▸ Problem to solve
Repeat precisely the span of lines below that opens with the line containing "by (simp add: P_def f power2_eq_square" and closes with the line containing "k = 4*c3*d0*(k", both included.

[Dataset entries]
──────────
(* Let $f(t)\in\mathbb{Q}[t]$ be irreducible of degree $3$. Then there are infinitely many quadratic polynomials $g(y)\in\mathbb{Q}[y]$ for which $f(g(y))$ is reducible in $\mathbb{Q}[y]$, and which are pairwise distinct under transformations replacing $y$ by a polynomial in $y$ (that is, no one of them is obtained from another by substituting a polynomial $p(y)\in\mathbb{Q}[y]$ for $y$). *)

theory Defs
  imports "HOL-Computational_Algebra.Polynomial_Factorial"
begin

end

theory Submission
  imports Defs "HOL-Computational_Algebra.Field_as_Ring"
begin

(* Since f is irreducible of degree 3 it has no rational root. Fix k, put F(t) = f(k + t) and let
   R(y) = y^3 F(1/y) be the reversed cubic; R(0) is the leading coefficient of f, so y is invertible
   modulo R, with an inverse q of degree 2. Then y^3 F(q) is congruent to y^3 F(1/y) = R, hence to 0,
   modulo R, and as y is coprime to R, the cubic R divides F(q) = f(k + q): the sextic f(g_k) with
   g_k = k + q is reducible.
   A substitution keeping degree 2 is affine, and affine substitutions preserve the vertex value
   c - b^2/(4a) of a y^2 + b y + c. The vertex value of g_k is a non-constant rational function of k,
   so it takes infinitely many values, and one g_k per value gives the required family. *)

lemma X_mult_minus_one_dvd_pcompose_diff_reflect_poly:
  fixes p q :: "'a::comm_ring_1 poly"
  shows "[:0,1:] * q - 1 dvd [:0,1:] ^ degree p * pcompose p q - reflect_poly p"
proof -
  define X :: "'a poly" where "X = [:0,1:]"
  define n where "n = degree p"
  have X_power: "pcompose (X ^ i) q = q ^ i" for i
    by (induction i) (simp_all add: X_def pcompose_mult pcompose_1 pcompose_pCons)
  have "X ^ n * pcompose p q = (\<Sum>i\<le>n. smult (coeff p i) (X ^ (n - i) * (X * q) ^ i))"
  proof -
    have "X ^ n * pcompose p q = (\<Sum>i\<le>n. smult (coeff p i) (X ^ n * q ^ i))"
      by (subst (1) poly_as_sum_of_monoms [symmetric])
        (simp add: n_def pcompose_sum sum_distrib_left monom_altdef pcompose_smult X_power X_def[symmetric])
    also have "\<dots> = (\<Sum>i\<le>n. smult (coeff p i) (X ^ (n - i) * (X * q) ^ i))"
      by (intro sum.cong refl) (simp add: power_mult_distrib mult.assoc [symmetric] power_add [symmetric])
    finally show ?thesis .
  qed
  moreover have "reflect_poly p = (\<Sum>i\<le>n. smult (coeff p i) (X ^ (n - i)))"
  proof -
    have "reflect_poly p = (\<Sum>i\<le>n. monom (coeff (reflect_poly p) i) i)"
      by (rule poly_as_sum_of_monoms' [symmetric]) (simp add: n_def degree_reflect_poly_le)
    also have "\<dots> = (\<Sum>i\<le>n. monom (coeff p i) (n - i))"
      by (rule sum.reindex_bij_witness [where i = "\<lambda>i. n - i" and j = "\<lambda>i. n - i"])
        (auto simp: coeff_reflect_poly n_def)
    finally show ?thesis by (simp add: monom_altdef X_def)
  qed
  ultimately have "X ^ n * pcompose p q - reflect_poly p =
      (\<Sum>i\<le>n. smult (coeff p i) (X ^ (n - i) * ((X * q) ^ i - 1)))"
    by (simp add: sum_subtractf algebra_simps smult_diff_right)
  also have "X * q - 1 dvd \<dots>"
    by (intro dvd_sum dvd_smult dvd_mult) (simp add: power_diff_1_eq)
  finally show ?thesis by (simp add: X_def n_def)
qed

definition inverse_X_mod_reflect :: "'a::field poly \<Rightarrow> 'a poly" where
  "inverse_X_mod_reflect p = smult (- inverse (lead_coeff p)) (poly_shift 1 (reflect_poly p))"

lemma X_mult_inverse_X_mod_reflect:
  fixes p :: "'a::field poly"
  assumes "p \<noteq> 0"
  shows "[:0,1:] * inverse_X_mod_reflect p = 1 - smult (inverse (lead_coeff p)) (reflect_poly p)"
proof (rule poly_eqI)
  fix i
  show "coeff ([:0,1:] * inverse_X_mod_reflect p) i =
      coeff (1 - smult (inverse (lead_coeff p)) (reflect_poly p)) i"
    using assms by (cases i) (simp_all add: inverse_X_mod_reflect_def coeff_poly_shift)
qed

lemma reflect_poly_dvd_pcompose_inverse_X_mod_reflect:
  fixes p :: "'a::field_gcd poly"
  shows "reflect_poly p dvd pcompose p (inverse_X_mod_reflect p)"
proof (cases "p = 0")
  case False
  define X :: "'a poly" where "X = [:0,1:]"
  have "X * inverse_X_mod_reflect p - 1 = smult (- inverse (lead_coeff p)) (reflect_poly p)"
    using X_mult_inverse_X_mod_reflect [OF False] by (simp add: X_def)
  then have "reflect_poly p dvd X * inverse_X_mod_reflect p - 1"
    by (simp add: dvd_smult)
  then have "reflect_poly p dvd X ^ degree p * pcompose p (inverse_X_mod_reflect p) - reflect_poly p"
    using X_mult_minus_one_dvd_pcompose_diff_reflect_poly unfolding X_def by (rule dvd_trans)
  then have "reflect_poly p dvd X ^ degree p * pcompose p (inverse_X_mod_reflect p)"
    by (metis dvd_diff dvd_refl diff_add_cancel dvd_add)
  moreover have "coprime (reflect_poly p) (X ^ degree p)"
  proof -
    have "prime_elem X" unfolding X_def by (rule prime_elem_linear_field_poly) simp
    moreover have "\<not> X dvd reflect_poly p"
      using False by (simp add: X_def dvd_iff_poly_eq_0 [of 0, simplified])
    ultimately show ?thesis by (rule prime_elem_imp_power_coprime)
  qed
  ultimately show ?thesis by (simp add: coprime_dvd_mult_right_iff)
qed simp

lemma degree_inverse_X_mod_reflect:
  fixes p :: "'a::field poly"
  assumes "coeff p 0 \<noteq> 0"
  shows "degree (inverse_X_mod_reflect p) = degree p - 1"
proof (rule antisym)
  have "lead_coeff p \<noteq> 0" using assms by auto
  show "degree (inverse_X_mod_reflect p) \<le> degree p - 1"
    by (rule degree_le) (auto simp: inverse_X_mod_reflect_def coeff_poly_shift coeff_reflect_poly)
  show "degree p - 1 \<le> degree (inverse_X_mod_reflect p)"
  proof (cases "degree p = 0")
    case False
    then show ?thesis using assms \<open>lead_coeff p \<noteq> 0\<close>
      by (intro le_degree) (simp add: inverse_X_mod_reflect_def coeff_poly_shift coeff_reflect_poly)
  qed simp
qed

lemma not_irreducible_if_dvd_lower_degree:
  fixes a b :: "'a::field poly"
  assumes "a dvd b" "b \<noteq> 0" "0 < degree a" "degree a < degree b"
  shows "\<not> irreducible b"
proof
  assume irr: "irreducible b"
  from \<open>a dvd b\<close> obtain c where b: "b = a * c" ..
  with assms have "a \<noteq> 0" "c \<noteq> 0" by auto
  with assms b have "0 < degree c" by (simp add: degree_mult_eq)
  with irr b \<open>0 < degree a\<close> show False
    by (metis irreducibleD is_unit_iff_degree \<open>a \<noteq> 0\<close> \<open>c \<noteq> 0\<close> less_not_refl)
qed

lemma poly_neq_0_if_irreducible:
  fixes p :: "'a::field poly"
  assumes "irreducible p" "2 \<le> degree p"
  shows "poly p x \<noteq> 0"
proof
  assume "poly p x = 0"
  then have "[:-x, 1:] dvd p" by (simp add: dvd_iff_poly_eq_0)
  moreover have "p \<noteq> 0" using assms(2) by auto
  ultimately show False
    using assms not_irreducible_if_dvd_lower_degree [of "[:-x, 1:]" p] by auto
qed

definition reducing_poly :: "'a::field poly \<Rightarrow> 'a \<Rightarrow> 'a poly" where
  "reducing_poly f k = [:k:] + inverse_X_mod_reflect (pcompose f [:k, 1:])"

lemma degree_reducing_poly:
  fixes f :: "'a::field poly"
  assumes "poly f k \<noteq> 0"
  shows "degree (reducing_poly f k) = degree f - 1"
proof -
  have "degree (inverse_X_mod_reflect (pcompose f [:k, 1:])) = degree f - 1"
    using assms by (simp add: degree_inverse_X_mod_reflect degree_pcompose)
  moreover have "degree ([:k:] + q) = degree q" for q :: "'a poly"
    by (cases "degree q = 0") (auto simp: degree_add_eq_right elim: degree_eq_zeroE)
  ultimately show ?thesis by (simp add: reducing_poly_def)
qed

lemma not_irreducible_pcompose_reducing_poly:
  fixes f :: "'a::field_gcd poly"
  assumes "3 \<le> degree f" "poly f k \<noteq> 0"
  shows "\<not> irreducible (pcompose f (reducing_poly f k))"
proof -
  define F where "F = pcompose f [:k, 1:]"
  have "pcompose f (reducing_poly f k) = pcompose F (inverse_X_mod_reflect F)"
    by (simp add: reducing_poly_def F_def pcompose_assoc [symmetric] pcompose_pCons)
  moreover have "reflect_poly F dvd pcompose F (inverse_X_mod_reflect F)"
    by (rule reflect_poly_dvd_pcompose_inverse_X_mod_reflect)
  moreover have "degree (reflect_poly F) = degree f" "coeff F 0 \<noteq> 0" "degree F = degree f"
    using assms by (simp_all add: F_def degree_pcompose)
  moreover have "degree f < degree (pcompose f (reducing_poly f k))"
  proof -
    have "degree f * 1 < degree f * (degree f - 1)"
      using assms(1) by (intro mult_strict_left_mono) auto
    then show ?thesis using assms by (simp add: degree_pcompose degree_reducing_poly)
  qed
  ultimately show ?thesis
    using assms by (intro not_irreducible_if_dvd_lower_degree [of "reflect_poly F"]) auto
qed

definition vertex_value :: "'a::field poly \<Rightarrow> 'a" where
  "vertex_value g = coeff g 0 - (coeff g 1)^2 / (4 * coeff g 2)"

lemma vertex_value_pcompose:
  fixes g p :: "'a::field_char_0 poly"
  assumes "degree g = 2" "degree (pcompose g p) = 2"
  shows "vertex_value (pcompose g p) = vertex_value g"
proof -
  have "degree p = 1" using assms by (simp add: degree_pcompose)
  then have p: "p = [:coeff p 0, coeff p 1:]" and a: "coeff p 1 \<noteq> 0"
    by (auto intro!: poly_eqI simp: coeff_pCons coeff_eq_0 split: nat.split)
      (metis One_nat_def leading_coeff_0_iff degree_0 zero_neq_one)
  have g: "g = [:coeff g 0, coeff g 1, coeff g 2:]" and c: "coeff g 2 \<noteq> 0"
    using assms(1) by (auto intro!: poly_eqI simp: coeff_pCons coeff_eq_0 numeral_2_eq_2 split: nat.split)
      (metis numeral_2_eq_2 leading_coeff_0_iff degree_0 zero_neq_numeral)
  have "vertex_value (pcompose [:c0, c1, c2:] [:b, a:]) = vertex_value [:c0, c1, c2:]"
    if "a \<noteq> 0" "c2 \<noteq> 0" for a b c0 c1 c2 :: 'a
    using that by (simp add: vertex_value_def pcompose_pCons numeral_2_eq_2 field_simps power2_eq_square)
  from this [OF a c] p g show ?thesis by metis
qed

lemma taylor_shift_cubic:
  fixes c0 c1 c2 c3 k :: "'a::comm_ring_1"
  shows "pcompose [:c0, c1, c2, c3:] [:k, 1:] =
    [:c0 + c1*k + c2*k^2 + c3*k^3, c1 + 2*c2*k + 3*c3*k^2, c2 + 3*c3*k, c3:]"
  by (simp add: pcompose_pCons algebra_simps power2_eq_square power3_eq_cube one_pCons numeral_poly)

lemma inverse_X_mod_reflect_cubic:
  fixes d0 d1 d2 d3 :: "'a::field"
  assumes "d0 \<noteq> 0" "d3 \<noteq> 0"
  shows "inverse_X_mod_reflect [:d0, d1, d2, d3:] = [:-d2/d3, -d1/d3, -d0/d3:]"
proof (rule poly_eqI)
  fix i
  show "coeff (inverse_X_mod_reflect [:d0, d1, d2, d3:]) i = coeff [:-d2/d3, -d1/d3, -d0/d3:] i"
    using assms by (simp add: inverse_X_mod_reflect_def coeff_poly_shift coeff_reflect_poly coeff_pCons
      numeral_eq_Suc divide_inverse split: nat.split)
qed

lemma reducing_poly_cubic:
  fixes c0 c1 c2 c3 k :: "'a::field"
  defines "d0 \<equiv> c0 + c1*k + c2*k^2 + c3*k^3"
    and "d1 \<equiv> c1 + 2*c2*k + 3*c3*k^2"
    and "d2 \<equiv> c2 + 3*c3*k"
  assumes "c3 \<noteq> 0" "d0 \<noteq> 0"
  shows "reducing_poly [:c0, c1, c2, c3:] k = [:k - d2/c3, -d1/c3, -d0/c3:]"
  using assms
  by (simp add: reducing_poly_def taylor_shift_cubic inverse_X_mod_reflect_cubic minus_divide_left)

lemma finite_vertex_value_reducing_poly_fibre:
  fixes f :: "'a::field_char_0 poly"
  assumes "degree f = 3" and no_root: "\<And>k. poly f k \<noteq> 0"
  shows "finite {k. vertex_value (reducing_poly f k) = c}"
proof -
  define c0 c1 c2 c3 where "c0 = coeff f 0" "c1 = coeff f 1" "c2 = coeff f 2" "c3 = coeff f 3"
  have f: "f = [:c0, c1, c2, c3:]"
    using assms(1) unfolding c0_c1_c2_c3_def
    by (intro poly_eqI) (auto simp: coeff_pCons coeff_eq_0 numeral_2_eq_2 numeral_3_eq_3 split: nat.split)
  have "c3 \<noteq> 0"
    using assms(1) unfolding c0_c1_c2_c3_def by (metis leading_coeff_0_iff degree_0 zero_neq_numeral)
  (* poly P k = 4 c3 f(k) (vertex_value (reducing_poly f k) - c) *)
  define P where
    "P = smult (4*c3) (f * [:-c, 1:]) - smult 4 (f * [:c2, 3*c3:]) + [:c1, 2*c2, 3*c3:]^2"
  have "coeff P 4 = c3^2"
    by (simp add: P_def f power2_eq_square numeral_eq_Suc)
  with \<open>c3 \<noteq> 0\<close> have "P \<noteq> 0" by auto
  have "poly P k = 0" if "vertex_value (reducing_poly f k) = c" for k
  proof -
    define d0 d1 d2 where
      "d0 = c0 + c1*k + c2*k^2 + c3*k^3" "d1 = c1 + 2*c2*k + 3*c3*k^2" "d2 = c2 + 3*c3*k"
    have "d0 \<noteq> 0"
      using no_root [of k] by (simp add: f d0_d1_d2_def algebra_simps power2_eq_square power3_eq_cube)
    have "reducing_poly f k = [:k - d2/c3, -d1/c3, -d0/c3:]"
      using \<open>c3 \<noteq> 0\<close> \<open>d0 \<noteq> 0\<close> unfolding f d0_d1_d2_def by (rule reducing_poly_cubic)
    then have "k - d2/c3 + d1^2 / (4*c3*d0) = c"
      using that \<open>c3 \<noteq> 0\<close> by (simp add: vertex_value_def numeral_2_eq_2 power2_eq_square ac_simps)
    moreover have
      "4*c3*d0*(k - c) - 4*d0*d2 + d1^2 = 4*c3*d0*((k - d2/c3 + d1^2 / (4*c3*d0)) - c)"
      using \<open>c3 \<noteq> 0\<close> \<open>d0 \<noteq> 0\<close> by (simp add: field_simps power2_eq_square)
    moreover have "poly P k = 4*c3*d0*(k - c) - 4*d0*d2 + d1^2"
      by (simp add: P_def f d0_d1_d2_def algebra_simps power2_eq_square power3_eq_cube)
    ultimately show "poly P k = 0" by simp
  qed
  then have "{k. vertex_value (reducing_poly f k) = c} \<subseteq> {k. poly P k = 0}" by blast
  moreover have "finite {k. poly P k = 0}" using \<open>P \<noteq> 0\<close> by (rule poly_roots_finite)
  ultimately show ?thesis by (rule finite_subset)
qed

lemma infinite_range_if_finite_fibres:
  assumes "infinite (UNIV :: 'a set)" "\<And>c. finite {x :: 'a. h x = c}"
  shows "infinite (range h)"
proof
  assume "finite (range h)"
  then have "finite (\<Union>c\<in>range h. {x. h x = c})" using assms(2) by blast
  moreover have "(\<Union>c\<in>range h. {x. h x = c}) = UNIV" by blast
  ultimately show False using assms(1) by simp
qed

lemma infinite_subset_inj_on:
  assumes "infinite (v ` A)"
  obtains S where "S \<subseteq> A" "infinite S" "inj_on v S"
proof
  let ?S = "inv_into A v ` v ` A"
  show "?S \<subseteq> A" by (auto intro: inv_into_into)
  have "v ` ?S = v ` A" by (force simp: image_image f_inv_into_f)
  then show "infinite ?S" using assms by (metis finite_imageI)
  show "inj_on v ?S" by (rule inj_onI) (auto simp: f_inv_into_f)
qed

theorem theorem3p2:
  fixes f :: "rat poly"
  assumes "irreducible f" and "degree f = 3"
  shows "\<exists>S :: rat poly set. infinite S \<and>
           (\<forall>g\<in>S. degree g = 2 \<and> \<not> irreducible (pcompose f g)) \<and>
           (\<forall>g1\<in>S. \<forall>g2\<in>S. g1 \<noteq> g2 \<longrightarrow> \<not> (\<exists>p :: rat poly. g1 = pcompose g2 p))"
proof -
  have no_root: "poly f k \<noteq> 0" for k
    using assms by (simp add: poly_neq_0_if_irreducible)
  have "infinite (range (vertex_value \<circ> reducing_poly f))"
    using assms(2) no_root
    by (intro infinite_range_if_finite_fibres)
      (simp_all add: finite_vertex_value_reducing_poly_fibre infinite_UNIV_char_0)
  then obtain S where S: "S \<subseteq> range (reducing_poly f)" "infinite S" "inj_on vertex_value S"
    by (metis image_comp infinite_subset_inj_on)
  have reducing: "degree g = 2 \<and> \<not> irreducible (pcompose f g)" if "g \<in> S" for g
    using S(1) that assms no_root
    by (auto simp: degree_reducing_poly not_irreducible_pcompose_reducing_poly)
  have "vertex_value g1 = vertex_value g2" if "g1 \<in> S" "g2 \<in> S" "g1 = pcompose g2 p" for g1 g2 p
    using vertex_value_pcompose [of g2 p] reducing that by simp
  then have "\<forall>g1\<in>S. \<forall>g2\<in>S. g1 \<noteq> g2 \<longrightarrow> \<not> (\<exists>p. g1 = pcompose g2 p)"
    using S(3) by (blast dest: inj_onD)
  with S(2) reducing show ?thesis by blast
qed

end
──────────
▸ Solution below
    by (simp add: P_def f power2_eq_square numeral_eq_Suc)
  with \<open>c3 \<noteq> 0\<close> have "P \<noteq> 0" by auto
  have "poly P k = 0" if "vertex_value (reducing_poly f k) = c" for k
  proof -
    define d0 d1 d2 where
      "d0 = c0 + c1*k + c2*k^2 + c3*k^3" "d1 = c1 + 2*c2*k + 3*c3*k^2" "d2 = c2 + 3*c3*k"
    have "d0 \<noteq> 0"
      using no_root [of k] by (simp add: f d0_d1_d2_def algebra_simps power2_eq_square power3_eq_cube)
    have "reducing_poly f k = [:k - d2/c3, -d1/c3, -d0/c3:]"
      using \<open>c3 \<noteq> 0\<close> \<open>d0 \<noteq> 0\<close> unfolding f d0_d1_d2_def by (rule reducing_poly_cubic)
    then have "k - d2/c3 + d1^2 / (4*c3*d0) = c"
      using that \<open>c3 \<noteq> 0\<close> by (simp add: vertex_value_def numeral_2_eq_2 power2_eq_square ac_simps)
    moreover have
      "4*c3*d0*(k - c) - 4*d0*d2 + d1^2 = 4*c3*d0*((k - d2/c3 + d1^2 / (4*c3*d0)) - c)"
      using \<open>c3 \<noteq> 0\<close> \<open>d0 \<noteq> 0\<close> by (simp add: field_simps power2_eq_square)
    moreover have "poly P k = 4*c3*d0*(k - c) - 4*d0*d2 + d1^2"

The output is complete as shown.